The data, drawn from the Met’s recently launched ‘Confidence Comparator’ found that just 58% of local residents felt police were providing a visible policing presence in Brent with some areas of the borough seen to be worse than others. In some parts of the borough, this figure was as low as 56%.

There is a similar picture forming across the Capital, with 47% of Londoners saying the police do not have a visible presence in their respective areas.

The figures have sparked criticism of the Mayor of London’s decision to cut back neighbourhood policing teams from six uniformed officers to only two, with Navin Shah AM calling on the Mayor to put more police officers back into boroughs. Since the current Government came to power 4,333 police officers and PCSOs have been lost from London’s streets, including 195 from Brent.

The Mayor commissioned a review of the new neighbourhood policing units in July 2014 but has so far refused to release the review’s findings despite concerns that the new setup is leaving neighbourhood policing stretched. The worrying confidence figures come only a week after it was revealed that violent crime in the capital rose 22% last year, rising by 23.38% in Brent.

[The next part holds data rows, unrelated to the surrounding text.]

(* For every $\epsilon>0$ there exists a trigonometric polynomial $f$ on $\mathbb T^2$ such that $$\|P_xP_yf\|_1+\|(I-P_xP_y)f\|_1\le\epsilon\,|||f|||.$$
   Context: $\mathbb T=\mathbb R/2\pi\mathbb Z$ carries normalized Lebesgue measure, and points of $\mathbb T^2$ are written $(x,y)$. For $f\in L^2(\mathbb T^2)$ with Fourier coefficients $\hat f(m,n)$: - $P_x$ is the orthogonal projection onto $H^2_x=\{\hat f(m,n)=0 \text{ for } m<0\}$, and $P_{-x}=I-P_x$; - $P_y$ is the orthogonal projection onto $H^2_y=\{\hat f(m,n)=0 \text{ for } n<0\}$, and $P_{-y}=I-P_y$. For a trigonometric polynomial $f$ on $\mathbb T^2$ set $$|||f|||_{(x)}=\|P_xf\|_1+\|P_{-x}P_yf\|_1+\|P_{-x}P_{-y}f\|_1,\qquad |||f|||_{(y)}=\|P_yf\|_1+\|P_{-y}P_xf\|_1+\|P_{-y}P_{-x}f\|_1,$$ and $$|||f|||=\inf\{|||g|||_{(x)}+|||h|||_{(y)}: f=g+h,\ g,h \text{ trigonometric polynomials}\}.$$ *)

theory Defs
  imports "HOL-Analysis.Analysis"
begin

text \<open>A trigonometric polynomial on the 2-torus is represented by its
  Fourier coefficient function (finitely supported).\<close>

type_synonym tpoly = "int \<times> int \<Rightarrow> complex"

definition trig_poly :: "tpoly \<Rightarrow> bool" where
  "trig_poly c \<longleftrightarrow> finite {k. c k \<noteq> 0}"

definition tp_eval :: "tpoly \<Rightarrow> real \<times> real \<Rightarrow> complex" where
  "tp_eval c p = (\<Sum>k\<in>{k. c k \<noteq> 0}.
     c k * exp (\<i> * of_real (of_int (fst k) * fst p + of_int (snd k) * snd p)))"

definition L1norm :: "tpoly \<Rightarrow> real" where
  "L1norm c = integral (cbox (0,0) (2*pi, 2*pi)) (\<lambda>p. norm (tp_eval c p)) / (4 * pi\<^sup>2)"

definition Px :: "tpoly \<Rightarrow> tpoly" where
  "Px c = (\<lambda>(m,n). if m \<ge> 0 then c (m,n) else 0)"
definition Pmx :: "tpoly \<Rightarrow> tpoly" where
  "Pmx c = (\<lambda>(m,n). if m < 0 then c (m,n) else 0)"
definition Py :: "tpoly \<Rightarrow> tpoly" where
  "Py c = (\<lambda>(m,n). if n \<ge> 0 then c (m,n) else 0)"
definition Pmy :: "tpoly \<Rightarrow> tpoly" where
  "Pmy c = (\<lambda>(m,n). if n < 0 then c (m,n) else 0)"

definition norm_x :: "tpoly \<Rightarrow> real" where
  "norm_x f = L1norm (Px f) + L1norm (Pmx (Py f)) + L1norm (Pmx (Pmy f))"

definition norm_y :: "tpoly \<Rightarrow> real" where
  "norm_y f = L1norm (Py f) + L1norm (Pmy (Px f)) + L1norm (Pmy (Pmx f))"

definition triple_norm :: "tpoly \<Rightarrow> real" where
  "triple_norm f = Inf {norm_x g + norm_y h | g h.
      trig_poly g \<and> trig_poly h \<and> f = (\<lambda>k. g k + h k)}"

end

theory Submission
  imports Defs
begin

text \<open>The test polynomial is the autocorrelation \<open>f\<close> of the antidiagonal segment
  \<open>{(m, -m) | 0 \<le> m \<le> N}\<close>, that is, \<open>N + 1\<close> times the Fejer kernel in the variable \<open>x - y\<close>.
  Being nonnegative, it has \<open>L1norm f = f(0) = N + 1\<close>, and being carried by the antidiagonal,
  \<open>Px (Py f)\<close> is its constant term; so the left-hand side is at most \<open>3 (N + 1)\<close>.

  For the lower bound on the triple norm consider the functional
  \<open>\<Lambda> u = (\<Sum>j = 1..N. (u(j, -j) + u(-j, j)) / j)\<close>. If the spectrum of \<open>u\<close> meets only one half
  of the antidiagonal, \<open>\<Lambda> u\<close> is up to sign the pairing of \<open>u\<close> with a partial sum of the sawtooth
  series in \<open>x - y\<close>, which is bounded by 6 uniformly in \<open>N\<close>; hence \<open>|\<Lambda> u| \<le> 6 L1norm u\<close>.
  Each of the six pieces in \<open>norm_x g\<close> and \<open>norm_y h\<close> either has this property or misses the
  antidiagonal, so \<open>|\<Lambda> f| \<le> 6 triple_norm f\<close>. On the other hand \<open>\<Lambda> f \<ge> (N + 1) (H\<^sub>N - 1)\<close>,
  and the harmonic numbers \<open>H\<^sub>N\<close> are unbounded.\<close>

section \<open>Fourier analysis of trigonometric polynomials on the torus\<close>

definition torus_char :: "int \<times> int \<Rightarrow> real \<times> real \<Rightarrow> complex" where
  "torus_char k p = exp (\<i> * of_real (of_int (fst k) * fst p + of_int (snd k) * snd p))"

abbreviation torus_box :: "(real \<times> real) set" where
  "torus_box \<equiv> cbox (0, 0) (2 * pi, 2 * pi)"

abbreviation supp :: "tpoly \<Rightarrow> (int \<times> int) set" where
  "supp c \<equiv> {k. c k \<noteq> 0}"

lemma tp_eval_eq_sum:
  assumes "finite S" "supp c \<subseteq> S"
  shows "tp_eval c p = (\<Sum>k\<in>S. c k * torus_char k p)"
  unfolding tp_eval_def torus_char_def
  by (rule sum.mono_neutral_left) (use assms in auto)

lemma torus_char_add: "torus_char k p * torus_char j p = torus_char (k + j) p"
  by (simp add: torus_char_def exp_add[symmetric] algebra_simps)

lemma continuous_on_torus_char [continuous_intros]: "continuous_on A (torus_char k)"
  unfolding torus_char_def by (intro continuous_intros)

lemma continuous_on_tp_eval [continuous_intros]: "continuous_on A (tp_eval c)"
proof -
  have "tp_eval c = (\<lambda>p. \<Sum>k\<in>supp c. c k * torus_char k p)"
    by (auto simp: tp_eval_def torus_char_def fun_eq_iff)
  then show ?thesis
    by (simp add: continuous_on_sum continuous_on_mult continuous_on_torus_char)
qed

lemma integral_exp_int_mult:
  "integral {0..2 * pi} (\<lambda>x. exp (\<i> * of_real (of_int m * x))) = (if m = 0 then 2 * pi else 0)"
proof (cases "m = 0")
  case True
  then show ?thesis by (simp add: scaleR_conv_of_real)
next
  case False
  have "integral {0..2 * pi} (\<lambda>x. exp ((\<i> * of_int m) * complex_of_real x))
      = (exp ((\<i> * of_int m) * of_real (2 * pi)) - 1) / (\<i> * of_int m)"
    by (rule integral_exp) (use False in auto)
  moreover have "exp ((\<i> * of_int m) * of_real (2 * pi)) = 1"
  proof -
    have "(\<i> * of_int m) * of_real (2 * pi) = \<i> * (of_int m * (of_real pi * 2))"
      by (simp add: algebra_simps)
    then show ?thesis by (simp only: exp_2pi_1_int)
  qed
  ultimately show ?thesis
    using False by (simp add: algebra_simps)
qed

lemma integral_torus_char:
  "integral torus_box (torus_char k) = (if k = (0,0) then of_real (4 * pi\<^sup>2) else 0)"
proof -
  obtain m n where k: "k = (m, n)" by fastforce
  define e where "e l x = exp (\<i> * of_real (of_int l * x))" for l :: int and x :: real
  have "integral torus_box (torus_char k)
      = integral {0..2 * pi} (\<lambda>x. integral {0..2 * pi} (\<lambda>y. e m x * e n y))"
    using integral_prod_continuous[OF continuous_on_torus_char]
    by (simp add: torus_char_def e_def k exp_add[symmetric] algebra_simps)
  also have "\<dots> = integral {0..2 * pi} (e m) * integral {0..2 * pi} (e n)"
    by (simp add: integral_mult_left integral_mult_right)
  also have "\<dots> = (if k = (0,0) then of_real (4 * pi\<^sup>2) else 0)"
    unfolding e_def integral_exp_int_mult by (simp add: k power2_eq_square)
  finally show ?thesis .
qed

lemma integral_sum_torus_char:
  assumes "finite I"
  shows "integral torus_box (\<lambda>p. \<Sum>i\<in>I. d i * torus_char (\<phi> i) p)
       = of_real (4 * pi\<^sup>2) * (\<Sum>i\<in>I. if \<phi> i = (0,0) then d i else 0)"
proof -
  have "integral torus_box (\<lambda>p. \<Sum>i\<in>I. d i * torus_char (\<phi> i) p)
      = (\<Sum>i\<in>I. d i * integral torus_box (torus_char (\<phi> i)))"
    by (subst integral_sum)
       (auto intro!: integrable_continuous continuous_intros simp: assms integral_mult_right)
  also have "\<dots> = of_real (4 * pi\<^sup>2) * (\<Sum>i\<in>I. if \<phi> i = (0,0) then d i else 0)"
    unfolding integral_torus_char sum_distrib_left by (intro sum.cong) auto
  finally show ?thesis .
qed

lemma integral_tp_eval:
  assumes "trig_poly c"
  shows "integral torus_box (tp_eval c) = of_real (4 * pi\<^sup>2) * c (0,0)"
proof -
  have fin: "finite (insert (0,0) (supp c))"
    using assms by (simp add: trig_poly_def)
  have "tp_eval c = (\<lambda>p. \<Sum>k\<in>insert (0,0) (supp c). c k * torus_char k p)"
    by (rule ext) (simp add: tp_eval_eq_sum[OF fin subset_insertI])
  then show ?thesis
    using integral_sum_torus_char[OF fin, where d = c and \<phi> = "\<lambda>k. k"] fin
    by (simp add: sum.delta)
qed

lemma integrable_norm_tp_eval: "(\<lambda>p. norm (tp_eval c p)) integrable_on torus_box"
  by (intro integrable_continuous continuous_intros)

lemma L1norm_nonneg: "L1norm c \<ge> 0"
  unfolding L1norm_def
  by (intro divide_nonneg_nonneg integral_nonneg integrable_norm_tp_eval) auto

lemma norm_coeff_zero_le_L1norm:
  assumes "trig_poly c"
  shows "norm (c (0,0)) \<le> L1norm c"
proof -
  have "4 * pi\<^sup>2 * norm (c (0,0)) = norm (integral torus_box (tp_eval c))"
    by (simp add: integral_tp_eval[OF assms] norm_mult norm_power)
  also have "\<dots> \<le> integral torus_box (\<lambda>p. norm (tp_eval c p))"
    by (intro integral_norm_bound_integral integrable_continuous integrable_norm_tp_eval
        continuous_intros) auto
  finally show ?thesis
    by (simp add: L1norm_def field_simps)
qed

lemma L1norm_eq_coeff_zero_if_nonneg:
  assumes c: "trig_poly c" and nonneg: "\<And>p. tp_eval c p = of_real (norm (tp_eval c p))"
  shows "L1norm c = norm (c (0,0))"
proof -
  define I where "I = integral torus_box (\<lambda>p. norm (tp_eval c p))"
  have "((\<lambda>p. complex_of_real (norm (tp_eval c p))) has_integral of_real I) torus_box"
    unfolding I_def by (rule has_integral_of_real[OF integrable_integral[OF integrable_norm_tp_eval]])
  then have "(tp_eval c has_integral of_real I) torus_box"
    by (simp only: nonneg[symmetric])
  then have "of_real I = of_real (4 * pi\<^sup>2) * c (0,0)"
    using integral_tp_eval[OF c] integral_unique by metis
  then have "norm (complex_of_real I) = 4 * pi\<^sup>2 * norm (c (0,0))"
    by (simp add: norm_mult norm_power)
  moreover have "I \<ge> 0"
    unfolding I_def by (intro integral_nonneg integrable_norm_tp_eval) auto
  ultimately show ?thesis
    by (simp add: L1norm_def I_def)
qed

It’s now very likely that the Mayor will miss his target to increase public confidence by 20% and it’s not hard to see why. The cuts to police numbers and the Mayor’s decision to dismantle neighbourhood policing teams have clearly been noticed by people in Brent and indeed across the Capital. It’s increasingly clear that we need to see more officers back on the beat in our local neighbourhoods.

 

ENDS

 

Notes

                                             

-          Figures on Visibility and Confidence from the Mayor of London can be found here. Figures were drawn from the Met’s ‘Confidence Comparator’ which is available here

-          The ‘Confidence Comparator’ found that when asked ‘how well do you think the Metropolitan Police provide a visible patrolling presence?’ just 53% of Londoners answered they felt their police were doing “well” or “to some extent” providing a visible policing presence in their neighbourhood.

-          Percentage scores for confidence in the police are derived from a rolling yearly questionnaire of over 12,000 Londoners as part of the Public Attitudes Survey (PAS).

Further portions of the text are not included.